The ruling left other claims unresolved and set the case for trial, but the settlement reached in late August cut those plans short.

Now, observers point to the abrupt resolution as a key moment for how markets could view tokenized goods.

The Nike–StockX settlement “brings relief to the sneaker NFT market by removing the risk of a disruptive jury trial, but the real signal for the industry came earlier: when RTFKT shut down in December,” Dan Dadybayo, research and strategy lead at Unstoppable Wallet, told Decrypt.

“RTFKT was the most influential phygital studio, blending Nike Cryptokicks, Clone X with Murakami, and experimental sneaker drops,” Dadybayo explained.

The closure of RTFKT “showed how fragile hybrid models are when brand control and IP compliance aren’t crystal clear.”

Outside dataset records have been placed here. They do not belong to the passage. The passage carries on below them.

(* For every function $f:\mathcal X\times\mathcal Y\to\mathcal Z$ and $\epsilon,\delta\in(0,1)$, $\mathrm{srec}_{\epsilon,\delta}(f)=\max_\mu \mathrm{srec}^\mu_{\epsilon,\delta}(f)$, where the maximum is over probability distributions $\mu$ on $\mathcal X\times\mathcal Y$.
   Context: A rectangle is $A\times B$ with $A\subseteq\mathcal X,B\subseteq\mathcal Y$. For $z\in\mathcal Z$, $\mathrm{srec}^z_{\epsilon,\delta}(f)$ is the optimal value of the LP: minimize $\sum_R w_R$ over $w_R\ge 0$ (one variable per rectangle $R$) subject to $\sum_{R\ni(x,y)}w_R\ge1-\epsilon$ for all $(x,y)\in f^{-1}(z)$; $\sum_{R\ni(x,y)}w_R\le\delta$ for all $(x,y)\notin f^{-1}(z)$; $\sum_{R\ni(x,y)}w_R\le1$ for all $(x,y)$. $\mathrm{srec}_{\epsilon,\delta}(f)=\max_z\mathrm{srec}^z_{\epsilon,\delta}(f)$. For a nonnegative function $\mu$ on $\mathcal X\times\mathcal Y$, write $\mu_z(R)=\mu(R\cap f^{-1}(z))$ and $\mu_z=\mu_z(\mathcal X\times\mathcal Y)$. $\mathrm{srec}^{z,\mu}_{\epsilon,\delta}(f)$ is the optimal value of the LP: minimize $\sum_R w_R$ over $w_R\ge0$ subject to the covering constraint $\sum_{(x,y)\in f^{-1}(z)}\mu(x,y)\sum_{R\ni(x,y)}w_R\ge(1-\epsilon)\mu_z$, the packing constraints $\sum_{R\ni(x,y)}w_R\le\delta$ for all $(x,y)\notin f^{-1}(z)$, and $\sum_{R\ni(x,y)}w_R\le 1$ for all $(x,y)$. $\mathrm{srec}^\mu_{\epsilon,\delta}(f)=\max_z\mathrm{srec}^{z,\mu}_{\epsilon,\delta}(f)$. *)

theory Defs
  imports Complex_Main
begin

definition rects :: "('x \<times> 'y) set set" where
  "rects = {A \<times> B | A B. True}"

definition cov :: "(('x \<times> 'y) set \<Rightarrow> real) \<Rightarrow> 'x \<times> 'y \<Rightarrow> real" where
  "cov w p = (\<Sum>R\<in>{R\<in>rects. p \<in> R}. w R)"

definition srec_feasible ::
  "real \<Rightarrow> real \<Rightarrow> ('x \<times> 'y \<Rightarrow> 'z) \<Rightarrow> 'z \<Rightarrow> (('x \<times> 'y) set \<Rightarrow> real) \<Rightarrow> bool" where
  "srec_feasible eps delta f z w \<longleftrightarrow>
     (\<forall>R\<in>rects. 0 \<le> w R) \<and>
     (\<forall>p. f p = z \<longrightarrow> 1 - eps \<le> cov w p) \<and>
     (\<forall>p. f p \<noteq> z \<longrightarrow> cov w p \<le> delta) \<and>
     (\<forall>p. cov w p \<le> 1)"

definition srec_z :: "real \<Rightarrow> real \<Rightarrow> ('x \<times> 'y \<Rightarrow> 'z) \<Rightarrow> 'z \<Rightarrow> real" where
  "srec_z eps delta f z = Inf {(\<Sum>R\<in>rects. w R) | w. srec_feasible eps delta f z w}"

definition srec :: "real \<Rightarrow> real \<Rightarrow> ('x \<times> 'y \<Rightarrow> 'z) \<Rightarrow> real" where
  "srec eps delta f = Sup (range (\<lambda>z. srec_z eps delta f z))"

definition mu_z :: "('x \<times> 'y \<Rightarrow> real) \<Rightarrow> ('x \<times> 'y \<Rightarrow> 'z) \<Rightarrow> 'z \<Rightarrow> real" where
  "mu_z \<mu> f z = (\<Sum>p\<in>{p. f p = z}. \<mu> p)"

definition srec_mu_feasible ::
  "real \<Rightarrow> real \<Rightarrow> ('x \<times> 'y \<Rightarrow> real) \<Rightarrow> ('x \<times> 'y \<Rightarrow> 'z) \<Rightarrow> 'z \<Rightarrow> (('x \<times> 'y) set \<Rightarrow> real) \<Rightarrow> bool" where
  "srec_mu_feasible eps delta \<mu> f z w \<longleftrightarrow>
     (\<forall>R\<in>rects. 0 \<le> w R) \<and>
     (1 - eps) * mu_z \<mu> f z \<le> (\<Sum>p\<in>{p. f p = z}. \<mu> p * cov w p) \<and>
     (\<forall>p. f p \<noteq> z \<longrightarrow> cov w p \<le> delta) \<and>
     (\<forall>p. cov w p \<le> 1)"

definition srec_z_mu :: "real \<Rightarrow> real \<Rightarrow> ('x \<times> 'y \<Rightarrow> real) \<Rightarrow> ('x \<times> 'y \<Rightarrow> 'z) \<Rightarrow> 'z \<Rightarrow> real" where
  "srec_z_mu eps delta \<mu> f z = Inf {(\<Sum>R\<in>rects. w R) | w. srec_mu_feasible eps delta \<mu> f z w}"

definition srec_mu :: "real \<Rightarrow> real \<Rightarrow> ('x \<times> 'y \<Rightarrow> real) \<Rightarrow> ('x \<times> 'y \<Rightarrow> 'z) \<Rightarrow> real" where
  "srec_mu eps delta \<mu> f = Sup (range (\<lambda>z. srec_z_mu eps delta \<mu> f z))"

definition prob_dist :: "('a::finite \<Rightarrow> real) \<Rightarrow> bool" where
  "prob_dist \<mu> \<longleftrightarrow> (\<forall>p. 0 \<le> \<mu> p) \<and> (\<Sum>p\<in>UNIV. \<mu> p) = 1"

end

theory Submission
  imports Defs "HOL-Analysis.Analysis"
begin

text \<open>
  The inequality \<open>srec\<^sup>\<mu> \<le> srec\<close> holds because pointwise covering implies covering on
  \<open>\<mu>\<close>-average. For the converse fix the maximising \<open>z\<close> and let \<open>opt = srec\<^sup>z\<close>. The coverage
  vectors of the packing-feasible weightings of total weight below \<open>opt\<close> form a convex set
  disjoint from the convex orthant \<open>{v. \<forall>p\<in>f\<^sup>-\<^sup>1(z). 1 - \<epsilon> \<le> v p}\<close>. A separating hyperplane
  has a nonnegative normal supported on \<open>f\<^sup>-\<^sup>1(z)\<close>; normalised, it is the distribution \<open>\<mu>\<close>.
  Mixing a little of the trivial cover of \<open>f\<^sup>-\<^sup>1(z)\<close> into a cheap weighting shows that no
  weighting of weight below \<open>opt\<close> satisfies the averaged covering constraint for \<open>\<mu>\<close>.
\<close>

definition srec_packing :: "real \<Rightarrow> ('x \<times> 'y \<Rightarrow> 'z) \<Rightarrow> 'z \<Rightarrow> (('x \<times> 'y) set \<Rightarrow> real) \<Rightarrow> bool" where
  "srec_packing delta f z w \<longleftrightarrow>
     (\<forall>R\<in>rects. 0 \<le> w R) \<and> (\<forall>p. f p \<noteq> z \<longrightarrow> cov w p \<le> delta) \<and> (\<forall>p. cov w p \<le> 1)"

lemma srec_feasible_iff:
  "srec_feasible eps delta f z w \<longleftrightarrow>
     srec_packing delta f z w \<and> (\<forall>p. f p = z \<longrightarrow> 1 - eps \<le> cov w p)"
  unfolding srec_feasible_def srec_packing_def by blast

lemma srec_mu_feasible_iff:
  "srec_mu_feasible eps delta \<mu> f z w \<longleftrightarrow>
     srec_packing delta f z w \<and> (1 - eps) * mu_z \<mu> f z \<le> (\<Sum>p | f p = z. \<mu> p * cov w p)"
  unfolding srec_mu_feasible_def srec_packing_def by blast

lemma finite_rects: "finite (rects :: ('x::finite \<times> 'y::finite) set set)"
  by (rule finite_subset[of _ UNIV]) auto

lemma singleton_in_rects: "{p} \<in> rects"
  unfolding rects_def by (cases p) auto

lemma cov_linear: "cov (\<lambda>R. s * w R + t * v R) p = s * cov w p + t * cov v p"
  unfolding cov_def by (simp add: sum.distrib sum_distrib_left)

lemma srec_packing_convex:
  assumes "srec_packing delta f z w" "srec_packing delta f z v" "0 \<le> s" "s \<le> 1"
  shows "srec_packing delta f z (\<lambda>R. (1 - s) * w R + s * v R)"
proof -
  have combination_le: "(1 - s) * x + s * y \<le> c" if "x \<le> c" "y \<le> c" for x y c :: real
    using convex_bound_le[OF that, of "1 - s" s] assms(3,4) by simp
  show ?thesis
    using assms unfolding srec_packing_def cov_linear
    by (auto intro!: combination_le)
qed

definition point_cover :: "('x \<times> 'y \<Rightarrow> 'z) \<Rightarrow> 'z \<Rightarrow> ('x \<times> 'y) set \<Rightarrow> real" where
  "point_cover f z R = (if \<exists>q. f q = z \<and> R = {q} then 1 else 0)"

The settlement reinforces how “NFTs functioning as receipts for physical goods will survive, but tokens drifting into standalone collectibles without brand approval will face legal pressure,” he said, adding that “less tolerance for gray-area resale platforms” could be expected.

Aligning with Dadybayo’s point, Hank Huang, CEO of Kronos Research, told Decrypt that NFTs “are no longer a legal gray area,” noting how trademark rights have become “essential for building credible, compliant platforms” as the tokenized collectible market “enters a more disciplined phase.”